UK listed house builder shares off to a slow start this week - most handing back gains picked up at the end of last week.
St. Modwen was the biggest loser, dropping almost 2%, with Crest Nicholson, Redrow, Bellway, Countryside, Persimmon, McCarthy & Stone and Barratt losing more than 1% of their share value on the day.
While underlying fundamentals are sound and recent figures and trading statements have indicated that demand is strong and sales are holding up well, stock market investors and speculators still seem wary of house builder shares.
Perhaps the market is waiting for the Chancellor's Autumn Statement on Wednesday, but this is unlikely to contain many surprises. The government is still committed to encouraging home ownership and the building of more houses. There will likely be some announcements (or re-announcements) of infrastructure spend and a re-affirmation of government commitment to house building, but there is unlikely to be much that the government can do to accelerate house building in the short term.
The much discussed skills gap is the main constraint to increased productivity right now and while this won't be solved overnight, the industry is waking up to the lack of investment in training in recent years. However, as shortages in specific areas drive up wages, many positions will become more attractive to new entrants and returnees to the industry, while increasing adoption of modern methods of construction such as offsite modular building, new materials and automation can also help with improved productivity and faster builds.

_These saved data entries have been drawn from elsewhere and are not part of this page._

(* Let $S\subset\mathbb N$, $r\ge2$ and $d\ge1$. If $E$ is a Bohr$_0$ set of dimension $d$ and $S$ is $2^dr$-large, then $S\cap E$ is $r$-large.
   Context: $\|t\|$ is the distance to the nearest integer. $E\subset\mathbb N$ is a Bohr$_0$ set if it contains a set $\{n\in\mathbb N:\|n\alpha_1\|<\varepsilon,\dots,\|n\alpha_k\|<\varepsilon\}$ for some $k\in\mathbb N$, $\alpha_1,\dots,\alpha_k\in\mathbb T$, $\varepsilon>0$; the least such $k$ is its dimension. For $m\ge2$, $R\subset\mathbb N$ is $m$-large if every coloring of $\mathbb N$ with $m$ colors contains arbitrarily long monochromatic arithmetic progressions with common difference in $R$. *)

theory Defs
  imports Complex_Main
begin

text \<open>Natural numbers are the positive integers; distance to nearest integer.\<close>
definition dnint :: "real \<Rightarrow> real" where
  "dnint t = \<bar>t - of_int (round t)\<bar>"

definition bohr_nbhd :: "nat \<Rightarrow> (nat \<Rightarrow> real) \<Rightarrow> real \<Rightarrow> nat set" where
  "bohr_nbhd k alpha eps = {n. n \<ge> 1 \<and> (\<forall>i<k. dnint (real n * alpha i) < eps)}"

definition contains_bohr :: "nat set \<Rightarrow> nat \<Rightarrow> bool" where
  "contains_bohr E k \<longleftrightarrow> (\<exists>alpha eps. eps > 0 \<and> bohr_nbhd k alpha eps \<subseteq> E)"

definition bohr0_set :: "nat set \<Rightarrow> bool" where
  "bohr0_set E \<longleftrightarrow> (\<exists>k\<ge>1. contains_bohr E k)"

definition bohr0_dim :: "nat set \<Rightarrow> nat \<Rightarrow> bool" where
  "bohr0_dim E d \<longleftrightarrow> bohr0_set E \<and> d = (LEAST k. k \<ge> 1 \<and> contains_bohr E k)"

definition large :: "nat \<Rightarrow> nat set \<Rightarrow> bool" where
  "large m R \<longleftrightarrow> (\<forall>c :: nat \<Rightarrow> nat. (\<forall>n\<ge>1. c n < m) \<longrightarrow>
     (\<forall>L. \<exists>a\<ge>1. \<exists>s\<in>R. \<forall>j<L. c (a + j * s) = c a))"

end

theory Submission
  imports Defs
begin

(* Let E contain the Bohr set B(alpha_1..alpha_d; eps).  Record, for each n,
   on which side of 1/2 the fractional part of n*alpha_i lies; this is a 2^d-colouring
   ("half code") of the integers.  Given an r-colouring c, the product of c with the half
   code is a 2^d*r-colouring, so the (2^d*r)-largeness of S yields an arbitrarily long
   progression a + j*s (s in S) that is monochromatic for both.  Along a progression of
   length N+1 on which frac(n*alpha) stays on one side of 1/2, every step of the
   fractional part equals t - round t with t = s*alpha, so N*||s*alpha|| < 1/2; taking
   N >= 1/eps puts s into the Bohr set, hence into E. *)

lemma bohr0_dim_contains_bohr:
  assumes "bohr0_dim E d"
  shows "contains_bohr E d"
proof -
  from assms obtain k where "k \<ge> 1" "contains_bohr E k"
    and "d = (LEAST k. k \<ge> 1 \<and> contains_bohr E k)"
    unfolding bohr0_dim_def bohr0_set_def by auto
  then show ?thesis
    using LeastI[of "\<lambda>k. k \<ge> 1 \<and> contains_bohr E k" k] by auto
qed

text \<open>Refinement by an auxiliary colouring: if R is (m*r)-large, then for an r-colouring c
  and an m-colouring b there are arbitrarily long progressions with difference in R that
  are monochromatic for c and b simultaneously (apply largeness to c + r*b).\<close>
lemma large_product_colouring:
  fixes c b :: "nat \<Rightarrow> nat"
  assumes large: "large (m * r) R"
    and c: "\<forall>n\<ge>1. c n < r" and b: "\<forall>n\<ge>1. b n < m"
  shows "\<exists>a\<ge>1. \<exists>s\<in>R. \<forall>j<L. c (a + j * s) = c a \<and> b (a + j * s) = b a"
proof -
  define cb where "cb n = c n + r * b n" for n
  have "cb n < m * r" if "n \<ge> 1" for n
  proof -
    have "c n < r" "b n + 1 \<le> m" using c b that by auto
    then have "c n + r * b n < r * (b n + 1)" "r * (b n + 1) \<le> r * m"
      by (simp_all only: mult_le_mono2) simp
    then show ?thesis unfolding cb_def by (simp only: mult.commute[of m r])
  qed
  with large obtain a s where a: "a \<ge> 1" and s: "s \<in> R"
    and mono: "\<forall>j<L. cb (a + j * s) = cb a"
    unfolding large_def by blast
  have "c (a + j * s) = c a \<and> b (a + j * s) = b a" if "j < L" for j
  proof -
    have small: "c (a + j * s) < r" "c a < r" using c a by auto
    have eq: "c (a + j * s) + r * b (a + j * s) = c a + r * b a"
      using mono that by (simp add: cb_def)
    then have "(c (a + j * s) + r * b (a + j * s)) mod r = (c a + r * b a) mod r"
      by simp
    then have "c (a + j * s) = c a" using small by simp
    with eq small show ?thesis by simp
  qed
  with a s show ?thesis by blast
qed

lemma frac_add_step: "\<exists>k::int. frac (y + t) - frac y = t - of_int k"
  by (rule exI[of _ "\<lfloor>y + t\<rfloor> - \<lfloor>y\<rfloor>"]) (simp add: frac_def)

lemma same_half_close:
  fixes u v :: real
  assumes "(frac u < 1/2) = (frac v < 1/2)"
  shows "\<bar>frac u - frac v\<bar> < 1/2"
  using assms frac_ge_0[of u] frac_lt_1[of u] frac_ge_0[of v] frac_lt_1[of v]
  unfolding abs_less_iff by (cases "frac u < 1/2") linarith+

text \<open>Key estimate: if frac(x + j*t) stays on the same side of 1/2 for all j \<le> N, then
  N * ||t|| < 1/2.  Each step then has size < 1/2, which forces it to be t - round t, so
  the total displacement after N steps is N*(t - round t).\<close>
lemma same_half_progression_dnint:
  fixes x t :: real and N :: nat
  assumes same: "\<forall>j\<le>N. (frac (x + real j * t) < 1/2) = (frac x < 1/2)"
  shows "real N * dnint t < 1/2"
proof -
  define u where "u j = frac (x + real j * t)" for j
  have close: "\<bar>u j - u l\<bar> < 1/2" if "j \<le> N" "l \<le> N" for j l
    unfolding u_def using same that by (intro same_half_close) auto
  have step: "u (Suc j) - u j = t - of_int (round t)" if "Suc j \<le> N" for j
  proof -
    have shift: "x + real (Suc j) * t = (x + real j * t) + t" by (simp add: algebra_simps)
    obtain k :: int where k: "u (Suc j) - u j = t - of_int k"
      using frac_add_step[of "x + real j * t" t] unfolding u_def shift by blast
    have "\<bar>t - of_int k\<bar> < 1/2" using close[of "Suc j" j] that k by simp
    then have "round t = k" by (rule round_unique')
    with k show ?thesis by simp
  qed
  have displacement: "u j - u 0 = real j * (t - of_int (round t))" if "j \<le> N" for j
    using that
  proof (induction j)
    case (Suc j)
    then show ?case using step[of j] by (simp add: algebra_simps)
  qed simp
  have "\<bar>u N - u 0\<bar> < 1/2" using close[of N 0] by simp
  then show ?thesis
    using displacement[of N] by (simp add: dnint_def abs_mult)
qed

definition half_code :: "nat \<Rightarrow> (nat \<Rightarrow> real) \<Rightarrow> nat \<Rightarrow> nat" where
  "half_code d alpha n =
     horner_sum of_bool 2 (map (\<lambda>i. frac (real n * alpha i) < 1/2) [0..<d])"

lemma half_code_bound: "half_code d alpha n < 2 ^ d"
  using horner_sum_bound[where 'a = nat] unfolding half_code_def by (metis length_map length_upt minus_nat.diff_0)

lemma half_code_eqD:
  assumes "half_code d alpha m = half_code d alpha n" and "i < d"
  shows "(frac (real m * alpha i) < 1/2) = (frac (real n * alpha i) < 1/2)"
  using arg_cong[OF assms(1), of "\<lambda>x. bit x i"] assms(2)
  by (simp add: half_code_def bit_horner_sum_bit_iff)

lemma constant_half_code_difference:
  fixes eps :: real
  assumes s: "s \<ge> 1" and N: "1 \<le> real N * eps"
    and const: "\<forall>j\<le>N. half_code d alpha (a + j * s) = half_code d alpha a"
  shows "s \<in> bohr_nbhd d alpha eps"
proof -
  have "dnint (real s * alpha i) < eps" if i: "i < d" for i
  proof -
    have "\<forall>j\<le>N. (frac (real a * alpha i + real j * (real s * alpha i)) < 1/2)
                 = (frac (real a * alpha i) < 1/2)"
    proof (intro allI impI)
      fix j assume "j \<le> N"
      then have "(frac (real (a + j * s) * alpha i) < 1/2) = (frac (real a * alpha i) < 1/2)"
        using half_code_eqD[OF _ i] const by blast
      then show "(frac (real a * alpha i + real j * (real s * alpha i)) < 1/2)
                 = (frac (real a * alpha i) < 1/2)"
        by (simp add: algebra_simps)
    qed
    then have small: "real N * dnint (real s * alpha i) < 1/2"
      by (rule same_half_progression_dnint)
    show ?thesis
    proof (rule ccontr)
      assume "\<not> ?thesis"
      then have "real N * eps \<le> real N * dnint (real s * alpha i)"
        by (intro mult_left_mono) auto
      with N small show False by linarith
    qed
  qed
  with s show ?thesis unfolding bohr_nbhd_def by auto
qed

theorem mainTheorem18:
  fixes S E :: "nat set" and r d :: nat
  assumes "0 \<notin> S" and "0 \<notin> E"
    and "r \<ge> 2" and "d \<ge> 1"
    and "bohr0_dim E d"
    and "large (2 ^ d * r) S"
  shows "large r (S \<inter> E)"
  unfolding large_def
proof (intro allI impI)
  fix c :: "nat \<Rightarrow> nat" and L :: nat
  assume c: "\<forall>n\<ge>1. c n < r"
  obtain alpha eps where eps: "eps > 0" and B: "bohr_nbhd d alpha eps \<subseteq> E"
    using bohr0_dim_contains_bohr[OF assms(5)] unfolding contains_bohr_def by auto
  obtain N :: nat where N: "1 < real N * eps"
    using reals_Archimedean3[OF eps] by blast
  obtain a s where a: "a \<ge> 1" and s: "s \<in> S"
    and mono: "\<forall>j<max L (N + 1). c (a + j * s) = c a
                 \<and> half_code d alpha (a + j * s) = half_code d alpha a"
    using large_product_colouring[OF assms(6) c, of "half_code d alpha"] half_code_bound
    by blast
  have "s \<ge> 1" using s assms(1) by (cases s) auto
  moreover have "\<forall>j\<le>N. half_code d alpha (a + j * s) = half_code d alpha a"
    using mono by simp
  ultimately have "s \<in> bohr_nbhd d alpha eps"
    using N by (intro constant_half_code_difference) auto
  with B s have "s \<in> S \<inter> E" by auto
  moreover have "\<forall>j<L. c (a + j * s) = c a" using mono by simp
  ultimately show "\<exists>a\<ge>1. \<exists>s\<in>S \<inter> E. \<forall>j<L. c (a + j * s) = c a"
    using a by blast
qed

end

Longer term, changes to the planning process to make more land available and speed up the process would have the biggest impact on accelerating delivery of the houses that are required. However, radical change to planning legislation is likely to be time-consuming and politically challenging.
It seems everyone is in agreement on the need for more house building. Politicians on both sides say we need more; builders want to build more and there is good availability of development investment to fund more housing across all sectors.
It remains to be seen whether there is the political will to deal with the obstructive, slow and expensive planning process that is clearly the main impediment to delivering the number of homes the country needs.